Stored data entries:
•••••

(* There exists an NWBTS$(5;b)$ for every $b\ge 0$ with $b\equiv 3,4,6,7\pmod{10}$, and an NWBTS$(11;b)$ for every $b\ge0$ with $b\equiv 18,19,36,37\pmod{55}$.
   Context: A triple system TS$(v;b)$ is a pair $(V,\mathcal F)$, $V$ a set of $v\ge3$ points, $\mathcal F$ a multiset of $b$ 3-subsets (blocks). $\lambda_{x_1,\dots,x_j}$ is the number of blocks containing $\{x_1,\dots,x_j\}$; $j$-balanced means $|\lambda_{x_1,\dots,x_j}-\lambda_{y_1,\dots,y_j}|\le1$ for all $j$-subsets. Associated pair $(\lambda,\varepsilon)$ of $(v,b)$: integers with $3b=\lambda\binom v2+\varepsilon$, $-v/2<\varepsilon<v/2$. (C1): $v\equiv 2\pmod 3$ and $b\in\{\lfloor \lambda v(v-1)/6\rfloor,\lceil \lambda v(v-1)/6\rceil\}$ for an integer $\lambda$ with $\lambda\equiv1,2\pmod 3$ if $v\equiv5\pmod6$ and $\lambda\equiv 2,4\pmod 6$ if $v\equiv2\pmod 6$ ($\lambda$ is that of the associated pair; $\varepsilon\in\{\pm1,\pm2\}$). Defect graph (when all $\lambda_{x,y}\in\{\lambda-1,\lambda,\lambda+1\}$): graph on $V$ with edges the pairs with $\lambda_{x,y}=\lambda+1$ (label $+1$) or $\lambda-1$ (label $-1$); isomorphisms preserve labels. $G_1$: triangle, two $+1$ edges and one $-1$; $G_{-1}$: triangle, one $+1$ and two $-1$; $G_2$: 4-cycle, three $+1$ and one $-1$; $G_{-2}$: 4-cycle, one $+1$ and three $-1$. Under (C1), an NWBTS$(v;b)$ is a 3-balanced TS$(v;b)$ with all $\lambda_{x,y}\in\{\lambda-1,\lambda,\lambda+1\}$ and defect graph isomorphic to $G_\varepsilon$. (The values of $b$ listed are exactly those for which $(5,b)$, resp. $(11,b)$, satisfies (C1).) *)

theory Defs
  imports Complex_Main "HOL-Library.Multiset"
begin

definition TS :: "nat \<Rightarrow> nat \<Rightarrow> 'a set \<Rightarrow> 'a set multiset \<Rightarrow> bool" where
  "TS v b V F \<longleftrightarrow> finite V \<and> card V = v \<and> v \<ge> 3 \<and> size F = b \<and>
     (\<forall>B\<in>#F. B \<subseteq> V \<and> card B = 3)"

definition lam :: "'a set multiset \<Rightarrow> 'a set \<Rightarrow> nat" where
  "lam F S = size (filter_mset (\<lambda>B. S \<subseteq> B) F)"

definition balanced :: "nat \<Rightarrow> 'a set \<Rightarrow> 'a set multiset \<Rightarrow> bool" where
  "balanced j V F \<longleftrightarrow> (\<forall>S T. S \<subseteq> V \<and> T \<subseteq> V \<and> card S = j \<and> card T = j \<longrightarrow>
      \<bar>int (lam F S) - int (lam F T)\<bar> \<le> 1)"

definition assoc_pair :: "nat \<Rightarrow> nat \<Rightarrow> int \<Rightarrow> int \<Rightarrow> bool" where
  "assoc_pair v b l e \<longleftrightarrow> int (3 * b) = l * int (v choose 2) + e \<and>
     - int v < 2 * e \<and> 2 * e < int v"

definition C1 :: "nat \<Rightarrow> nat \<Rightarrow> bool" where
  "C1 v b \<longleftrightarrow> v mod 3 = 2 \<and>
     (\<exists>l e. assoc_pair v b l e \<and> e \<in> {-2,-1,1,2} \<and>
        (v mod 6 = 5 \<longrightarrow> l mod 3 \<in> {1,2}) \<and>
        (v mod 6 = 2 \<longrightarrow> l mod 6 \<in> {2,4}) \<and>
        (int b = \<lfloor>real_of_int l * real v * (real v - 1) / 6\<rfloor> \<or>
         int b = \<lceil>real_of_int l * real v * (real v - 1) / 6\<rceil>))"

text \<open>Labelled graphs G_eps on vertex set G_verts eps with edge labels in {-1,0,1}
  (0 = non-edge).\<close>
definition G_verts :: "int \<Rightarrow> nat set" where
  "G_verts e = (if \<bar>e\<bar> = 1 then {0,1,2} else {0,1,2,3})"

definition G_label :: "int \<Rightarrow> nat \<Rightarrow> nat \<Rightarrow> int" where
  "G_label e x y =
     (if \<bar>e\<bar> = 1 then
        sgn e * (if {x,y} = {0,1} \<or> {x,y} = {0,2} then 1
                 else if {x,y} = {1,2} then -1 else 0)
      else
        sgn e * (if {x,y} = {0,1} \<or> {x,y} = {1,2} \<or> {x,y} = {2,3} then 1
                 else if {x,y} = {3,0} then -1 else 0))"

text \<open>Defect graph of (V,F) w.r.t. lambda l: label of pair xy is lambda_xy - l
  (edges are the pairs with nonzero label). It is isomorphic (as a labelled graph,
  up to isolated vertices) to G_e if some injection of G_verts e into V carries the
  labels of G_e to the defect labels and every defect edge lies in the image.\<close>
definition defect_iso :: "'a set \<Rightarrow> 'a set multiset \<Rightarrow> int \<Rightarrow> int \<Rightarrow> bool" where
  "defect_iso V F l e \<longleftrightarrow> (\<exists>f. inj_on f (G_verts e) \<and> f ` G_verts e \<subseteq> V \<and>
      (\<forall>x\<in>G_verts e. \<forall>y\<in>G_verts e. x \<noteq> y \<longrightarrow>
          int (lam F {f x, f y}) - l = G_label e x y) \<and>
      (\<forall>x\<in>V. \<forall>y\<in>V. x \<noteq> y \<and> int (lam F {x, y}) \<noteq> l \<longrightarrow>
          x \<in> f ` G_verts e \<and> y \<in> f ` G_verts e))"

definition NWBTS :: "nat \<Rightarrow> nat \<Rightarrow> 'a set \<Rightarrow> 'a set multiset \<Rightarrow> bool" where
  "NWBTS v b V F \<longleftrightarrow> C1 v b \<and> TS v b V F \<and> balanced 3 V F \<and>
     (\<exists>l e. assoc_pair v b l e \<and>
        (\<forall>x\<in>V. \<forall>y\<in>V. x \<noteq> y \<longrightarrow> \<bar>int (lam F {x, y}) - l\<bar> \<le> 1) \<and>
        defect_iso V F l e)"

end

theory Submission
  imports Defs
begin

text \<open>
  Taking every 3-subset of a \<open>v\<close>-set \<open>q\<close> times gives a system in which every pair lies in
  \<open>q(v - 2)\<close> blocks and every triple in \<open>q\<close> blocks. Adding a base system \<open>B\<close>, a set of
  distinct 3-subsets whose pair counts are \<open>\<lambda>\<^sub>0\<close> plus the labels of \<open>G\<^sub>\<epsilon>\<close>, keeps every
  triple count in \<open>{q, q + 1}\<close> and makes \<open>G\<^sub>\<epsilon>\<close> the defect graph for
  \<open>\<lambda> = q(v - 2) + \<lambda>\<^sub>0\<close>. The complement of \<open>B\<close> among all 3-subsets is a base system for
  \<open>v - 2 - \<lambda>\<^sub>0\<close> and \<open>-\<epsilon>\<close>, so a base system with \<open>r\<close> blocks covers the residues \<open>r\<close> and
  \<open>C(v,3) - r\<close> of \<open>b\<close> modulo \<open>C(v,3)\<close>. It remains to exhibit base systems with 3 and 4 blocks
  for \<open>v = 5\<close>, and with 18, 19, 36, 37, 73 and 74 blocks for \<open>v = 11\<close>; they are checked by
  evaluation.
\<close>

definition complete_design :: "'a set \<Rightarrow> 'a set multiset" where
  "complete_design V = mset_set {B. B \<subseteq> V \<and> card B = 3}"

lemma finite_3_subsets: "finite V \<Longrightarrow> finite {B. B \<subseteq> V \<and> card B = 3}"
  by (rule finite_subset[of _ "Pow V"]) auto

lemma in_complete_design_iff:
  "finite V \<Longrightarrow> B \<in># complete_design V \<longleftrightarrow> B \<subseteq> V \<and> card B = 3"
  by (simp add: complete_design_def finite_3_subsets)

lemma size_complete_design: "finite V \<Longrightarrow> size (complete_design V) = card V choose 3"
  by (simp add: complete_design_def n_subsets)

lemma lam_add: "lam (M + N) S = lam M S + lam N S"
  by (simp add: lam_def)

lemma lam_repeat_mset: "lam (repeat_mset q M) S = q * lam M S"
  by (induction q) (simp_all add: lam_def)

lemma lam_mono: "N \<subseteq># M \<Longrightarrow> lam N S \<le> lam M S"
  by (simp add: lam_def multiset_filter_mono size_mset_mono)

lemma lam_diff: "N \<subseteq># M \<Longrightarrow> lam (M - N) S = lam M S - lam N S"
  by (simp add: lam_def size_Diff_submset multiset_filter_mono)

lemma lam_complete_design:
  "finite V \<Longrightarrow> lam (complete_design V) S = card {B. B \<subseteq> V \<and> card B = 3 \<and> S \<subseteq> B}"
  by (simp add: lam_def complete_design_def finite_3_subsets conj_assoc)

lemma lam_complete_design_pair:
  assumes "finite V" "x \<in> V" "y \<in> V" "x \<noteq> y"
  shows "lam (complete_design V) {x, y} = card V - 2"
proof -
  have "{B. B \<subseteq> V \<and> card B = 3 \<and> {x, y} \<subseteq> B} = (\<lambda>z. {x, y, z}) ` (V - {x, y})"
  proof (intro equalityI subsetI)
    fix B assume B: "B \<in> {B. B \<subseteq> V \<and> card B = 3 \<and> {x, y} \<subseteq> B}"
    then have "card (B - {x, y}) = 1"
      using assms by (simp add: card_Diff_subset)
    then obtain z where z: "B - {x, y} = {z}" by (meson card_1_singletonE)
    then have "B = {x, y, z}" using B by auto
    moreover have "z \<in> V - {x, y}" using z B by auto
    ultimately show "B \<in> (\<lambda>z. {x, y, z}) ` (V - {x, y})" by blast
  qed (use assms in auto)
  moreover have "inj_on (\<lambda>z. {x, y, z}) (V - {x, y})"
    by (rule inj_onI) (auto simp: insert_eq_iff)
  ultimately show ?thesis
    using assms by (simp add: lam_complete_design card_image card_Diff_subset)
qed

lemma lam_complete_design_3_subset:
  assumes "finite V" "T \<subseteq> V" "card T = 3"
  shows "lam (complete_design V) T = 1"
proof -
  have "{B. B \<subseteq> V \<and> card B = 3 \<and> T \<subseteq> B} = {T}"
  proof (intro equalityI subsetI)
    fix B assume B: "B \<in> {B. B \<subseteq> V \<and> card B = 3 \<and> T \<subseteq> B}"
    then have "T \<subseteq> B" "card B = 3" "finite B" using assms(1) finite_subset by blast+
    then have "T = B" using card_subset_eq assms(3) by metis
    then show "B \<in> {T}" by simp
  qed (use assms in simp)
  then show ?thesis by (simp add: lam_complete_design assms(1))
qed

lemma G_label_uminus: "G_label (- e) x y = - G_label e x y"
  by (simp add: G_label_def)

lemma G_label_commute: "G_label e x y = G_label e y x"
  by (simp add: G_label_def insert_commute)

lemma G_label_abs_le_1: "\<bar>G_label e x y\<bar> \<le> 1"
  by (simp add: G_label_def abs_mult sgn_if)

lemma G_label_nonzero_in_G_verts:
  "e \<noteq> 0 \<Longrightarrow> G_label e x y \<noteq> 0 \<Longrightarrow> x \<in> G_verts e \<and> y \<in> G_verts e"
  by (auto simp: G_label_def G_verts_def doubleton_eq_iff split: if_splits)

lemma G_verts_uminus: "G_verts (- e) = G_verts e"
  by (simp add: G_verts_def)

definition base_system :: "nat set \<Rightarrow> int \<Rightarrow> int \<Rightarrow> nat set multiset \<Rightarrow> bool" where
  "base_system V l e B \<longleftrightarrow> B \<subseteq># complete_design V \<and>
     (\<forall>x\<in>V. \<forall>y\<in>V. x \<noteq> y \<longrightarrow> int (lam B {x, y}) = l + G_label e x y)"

•••••

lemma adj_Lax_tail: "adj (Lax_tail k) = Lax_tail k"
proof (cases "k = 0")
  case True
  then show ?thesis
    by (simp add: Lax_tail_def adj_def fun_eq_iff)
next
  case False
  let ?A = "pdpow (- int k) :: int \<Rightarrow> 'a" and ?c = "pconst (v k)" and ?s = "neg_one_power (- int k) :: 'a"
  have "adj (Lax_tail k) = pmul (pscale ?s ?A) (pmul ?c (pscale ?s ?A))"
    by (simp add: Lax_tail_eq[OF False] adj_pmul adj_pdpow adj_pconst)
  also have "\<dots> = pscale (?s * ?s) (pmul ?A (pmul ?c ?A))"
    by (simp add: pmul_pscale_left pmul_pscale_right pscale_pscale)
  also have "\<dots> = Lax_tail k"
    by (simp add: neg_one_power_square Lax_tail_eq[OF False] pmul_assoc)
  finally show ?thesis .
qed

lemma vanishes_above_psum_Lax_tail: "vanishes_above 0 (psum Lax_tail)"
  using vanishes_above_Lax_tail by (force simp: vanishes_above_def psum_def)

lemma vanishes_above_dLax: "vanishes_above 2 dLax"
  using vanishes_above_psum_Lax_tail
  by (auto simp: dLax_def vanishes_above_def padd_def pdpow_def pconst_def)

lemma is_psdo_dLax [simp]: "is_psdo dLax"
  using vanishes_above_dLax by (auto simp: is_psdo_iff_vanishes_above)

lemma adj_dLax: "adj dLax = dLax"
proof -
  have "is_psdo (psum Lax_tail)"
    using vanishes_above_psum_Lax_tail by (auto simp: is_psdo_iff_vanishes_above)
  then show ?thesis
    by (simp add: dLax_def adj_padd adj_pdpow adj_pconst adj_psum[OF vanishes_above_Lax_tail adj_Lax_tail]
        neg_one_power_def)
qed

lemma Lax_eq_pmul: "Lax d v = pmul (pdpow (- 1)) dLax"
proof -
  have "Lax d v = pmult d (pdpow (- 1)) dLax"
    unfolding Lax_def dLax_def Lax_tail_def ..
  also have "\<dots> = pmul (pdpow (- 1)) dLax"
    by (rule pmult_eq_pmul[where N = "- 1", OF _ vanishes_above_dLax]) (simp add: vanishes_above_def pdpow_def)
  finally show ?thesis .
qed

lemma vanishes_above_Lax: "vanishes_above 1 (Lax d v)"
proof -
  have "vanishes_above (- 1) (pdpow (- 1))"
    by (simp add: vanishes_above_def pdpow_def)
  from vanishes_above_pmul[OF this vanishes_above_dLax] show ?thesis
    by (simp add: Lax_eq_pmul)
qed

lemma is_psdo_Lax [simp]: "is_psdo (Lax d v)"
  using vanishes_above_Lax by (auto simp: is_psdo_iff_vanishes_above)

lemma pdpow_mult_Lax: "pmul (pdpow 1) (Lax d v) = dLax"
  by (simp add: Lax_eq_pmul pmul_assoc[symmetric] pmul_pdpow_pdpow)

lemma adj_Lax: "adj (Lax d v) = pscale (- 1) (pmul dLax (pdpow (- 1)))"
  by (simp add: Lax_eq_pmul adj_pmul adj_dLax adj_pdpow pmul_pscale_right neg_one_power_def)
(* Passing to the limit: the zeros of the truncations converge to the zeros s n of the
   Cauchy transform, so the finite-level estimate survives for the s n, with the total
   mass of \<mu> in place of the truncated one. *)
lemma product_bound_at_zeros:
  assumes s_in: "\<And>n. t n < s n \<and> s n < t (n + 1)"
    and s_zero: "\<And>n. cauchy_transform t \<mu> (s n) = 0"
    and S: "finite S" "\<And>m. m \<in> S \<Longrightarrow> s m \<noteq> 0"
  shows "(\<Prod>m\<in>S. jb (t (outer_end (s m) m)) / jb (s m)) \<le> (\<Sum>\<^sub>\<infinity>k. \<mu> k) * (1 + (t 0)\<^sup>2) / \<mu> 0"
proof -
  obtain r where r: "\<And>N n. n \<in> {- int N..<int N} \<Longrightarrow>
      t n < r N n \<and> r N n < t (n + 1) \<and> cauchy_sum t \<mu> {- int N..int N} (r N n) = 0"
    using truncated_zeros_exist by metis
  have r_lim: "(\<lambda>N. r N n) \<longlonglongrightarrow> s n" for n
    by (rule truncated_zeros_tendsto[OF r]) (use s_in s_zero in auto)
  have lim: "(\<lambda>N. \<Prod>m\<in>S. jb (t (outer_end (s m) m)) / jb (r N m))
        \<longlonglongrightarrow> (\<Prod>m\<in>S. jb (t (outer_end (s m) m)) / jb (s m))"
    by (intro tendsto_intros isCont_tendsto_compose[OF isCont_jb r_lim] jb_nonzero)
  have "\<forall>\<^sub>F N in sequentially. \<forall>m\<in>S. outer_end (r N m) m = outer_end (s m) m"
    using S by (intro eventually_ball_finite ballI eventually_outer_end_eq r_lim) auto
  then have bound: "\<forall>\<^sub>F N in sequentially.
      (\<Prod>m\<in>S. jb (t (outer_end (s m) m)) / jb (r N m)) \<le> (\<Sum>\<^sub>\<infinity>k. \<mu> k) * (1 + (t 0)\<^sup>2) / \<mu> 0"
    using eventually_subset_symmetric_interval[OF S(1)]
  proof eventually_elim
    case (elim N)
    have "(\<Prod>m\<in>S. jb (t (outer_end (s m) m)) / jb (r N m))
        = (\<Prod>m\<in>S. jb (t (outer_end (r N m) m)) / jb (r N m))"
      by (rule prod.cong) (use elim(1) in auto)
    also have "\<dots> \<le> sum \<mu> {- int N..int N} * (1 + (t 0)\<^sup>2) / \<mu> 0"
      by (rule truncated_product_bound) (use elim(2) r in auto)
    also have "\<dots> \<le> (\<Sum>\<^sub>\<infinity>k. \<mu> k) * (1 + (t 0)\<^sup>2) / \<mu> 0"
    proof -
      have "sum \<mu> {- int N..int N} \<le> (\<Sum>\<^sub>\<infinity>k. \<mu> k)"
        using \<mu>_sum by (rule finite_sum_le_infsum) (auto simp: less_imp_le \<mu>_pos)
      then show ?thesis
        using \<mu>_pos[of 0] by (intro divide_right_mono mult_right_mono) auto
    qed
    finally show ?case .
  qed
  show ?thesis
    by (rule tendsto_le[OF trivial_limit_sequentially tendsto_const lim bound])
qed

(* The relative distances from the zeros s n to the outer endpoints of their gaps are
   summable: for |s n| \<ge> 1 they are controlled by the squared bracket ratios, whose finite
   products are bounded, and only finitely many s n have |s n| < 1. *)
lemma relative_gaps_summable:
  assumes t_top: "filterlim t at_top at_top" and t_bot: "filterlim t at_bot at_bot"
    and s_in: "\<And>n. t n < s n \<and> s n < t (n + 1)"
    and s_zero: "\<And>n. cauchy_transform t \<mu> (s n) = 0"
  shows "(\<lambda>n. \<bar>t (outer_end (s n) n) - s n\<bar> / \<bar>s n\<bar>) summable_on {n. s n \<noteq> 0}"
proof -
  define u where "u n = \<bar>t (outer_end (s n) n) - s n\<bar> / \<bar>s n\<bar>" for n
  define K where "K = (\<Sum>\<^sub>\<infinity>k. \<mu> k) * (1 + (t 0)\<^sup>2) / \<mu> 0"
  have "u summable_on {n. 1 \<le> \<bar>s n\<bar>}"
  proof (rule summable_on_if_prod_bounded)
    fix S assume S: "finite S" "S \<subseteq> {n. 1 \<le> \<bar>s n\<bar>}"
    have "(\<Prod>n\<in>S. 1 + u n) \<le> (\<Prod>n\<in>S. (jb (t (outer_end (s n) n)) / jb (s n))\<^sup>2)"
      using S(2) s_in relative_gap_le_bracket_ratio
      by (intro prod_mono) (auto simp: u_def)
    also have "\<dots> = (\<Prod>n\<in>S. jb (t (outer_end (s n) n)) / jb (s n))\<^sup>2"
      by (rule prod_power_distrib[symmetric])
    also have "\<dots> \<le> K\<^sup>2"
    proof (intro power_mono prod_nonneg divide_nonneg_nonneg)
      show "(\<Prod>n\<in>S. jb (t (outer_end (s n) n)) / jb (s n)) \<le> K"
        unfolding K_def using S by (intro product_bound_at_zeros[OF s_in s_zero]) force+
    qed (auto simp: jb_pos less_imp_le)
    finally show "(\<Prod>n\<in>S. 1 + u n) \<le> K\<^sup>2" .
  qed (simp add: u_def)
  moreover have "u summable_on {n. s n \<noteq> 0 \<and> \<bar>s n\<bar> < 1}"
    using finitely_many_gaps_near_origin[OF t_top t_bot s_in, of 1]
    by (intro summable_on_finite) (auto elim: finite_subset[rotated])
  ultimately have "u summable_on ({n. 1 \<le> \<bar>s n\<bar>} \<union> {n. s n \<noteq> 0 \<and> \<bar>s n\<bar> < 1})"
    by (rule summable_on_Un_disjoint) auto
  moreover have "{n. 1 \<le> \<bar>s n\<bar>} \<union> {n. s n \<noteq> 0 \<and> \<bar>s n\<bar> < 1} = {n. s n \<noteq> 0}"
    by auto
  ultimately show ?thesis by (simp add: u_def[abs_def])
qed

•••••

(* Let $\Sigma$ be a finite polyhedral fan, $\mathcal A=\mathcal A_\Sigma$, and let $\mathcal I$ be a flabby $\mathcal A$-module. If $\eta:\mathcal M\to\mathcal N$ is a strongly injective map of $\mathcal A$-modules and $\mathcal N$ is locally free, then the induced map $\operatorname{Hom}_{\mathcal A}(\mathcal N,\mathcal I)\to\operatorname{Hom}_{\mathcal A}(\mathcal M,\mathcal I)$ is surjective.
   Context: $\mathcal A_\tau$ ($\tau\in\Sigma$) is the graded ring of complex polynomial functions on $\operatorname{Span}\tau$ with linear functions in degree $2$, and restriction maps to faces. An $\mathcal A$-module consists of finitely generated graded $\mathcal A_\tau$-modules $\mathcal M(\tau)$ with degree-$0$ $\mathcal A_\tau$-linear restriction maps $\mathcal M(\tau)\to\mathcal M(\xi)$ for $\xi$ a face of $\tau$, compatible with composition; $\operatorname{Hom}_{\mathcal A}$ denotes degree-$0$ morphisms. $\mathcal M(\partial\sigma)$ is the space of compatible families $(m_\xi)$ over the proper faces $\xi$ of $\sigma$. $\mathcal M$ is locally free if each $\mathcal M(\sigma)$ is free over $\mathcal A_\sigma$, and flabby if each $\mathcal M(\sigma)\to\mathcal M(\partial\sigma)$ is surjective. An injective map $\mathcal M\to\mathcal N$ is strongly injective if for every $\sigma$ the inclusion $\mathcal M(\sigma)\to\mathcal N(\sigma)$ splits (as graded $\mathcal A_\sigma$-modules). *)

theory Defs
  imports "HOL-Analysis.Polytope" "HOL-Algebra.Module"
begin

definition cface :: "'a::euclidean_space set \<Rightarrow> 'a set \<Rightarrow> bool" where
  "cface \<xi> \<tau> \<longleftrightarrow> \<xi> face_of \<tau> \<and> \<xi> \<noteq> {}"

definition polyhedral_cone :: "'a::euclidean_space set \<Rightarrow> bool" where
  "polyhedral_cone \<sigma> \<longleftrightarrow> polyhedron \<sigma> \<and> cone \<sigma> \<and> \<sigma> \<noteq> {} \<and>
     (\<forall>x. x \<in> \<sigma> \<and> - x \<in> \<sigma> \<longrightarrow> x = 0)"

•••••

▸ Assigned task
Search the entries for the string "moreover". Copy every line that has it.

▸ Written answer
    moreover have "z \<in> V - {x, y}" using z B by auto
  moreover have "inj_on (\<lambda>z. {x, y, z}) (V - {x, y})"
  moreover have "u summable_on {n. s n \<noteq> 0 \<and> \<bar>s n\<bar> < 1}"
  moreover have "{n. 1 \<le> \<bar>s n\<bar>} \<union> {n. s n \<noteq> 0 \<and> \<bar>s n\<bar> < 1} = {n. s n \<noteq> 0}"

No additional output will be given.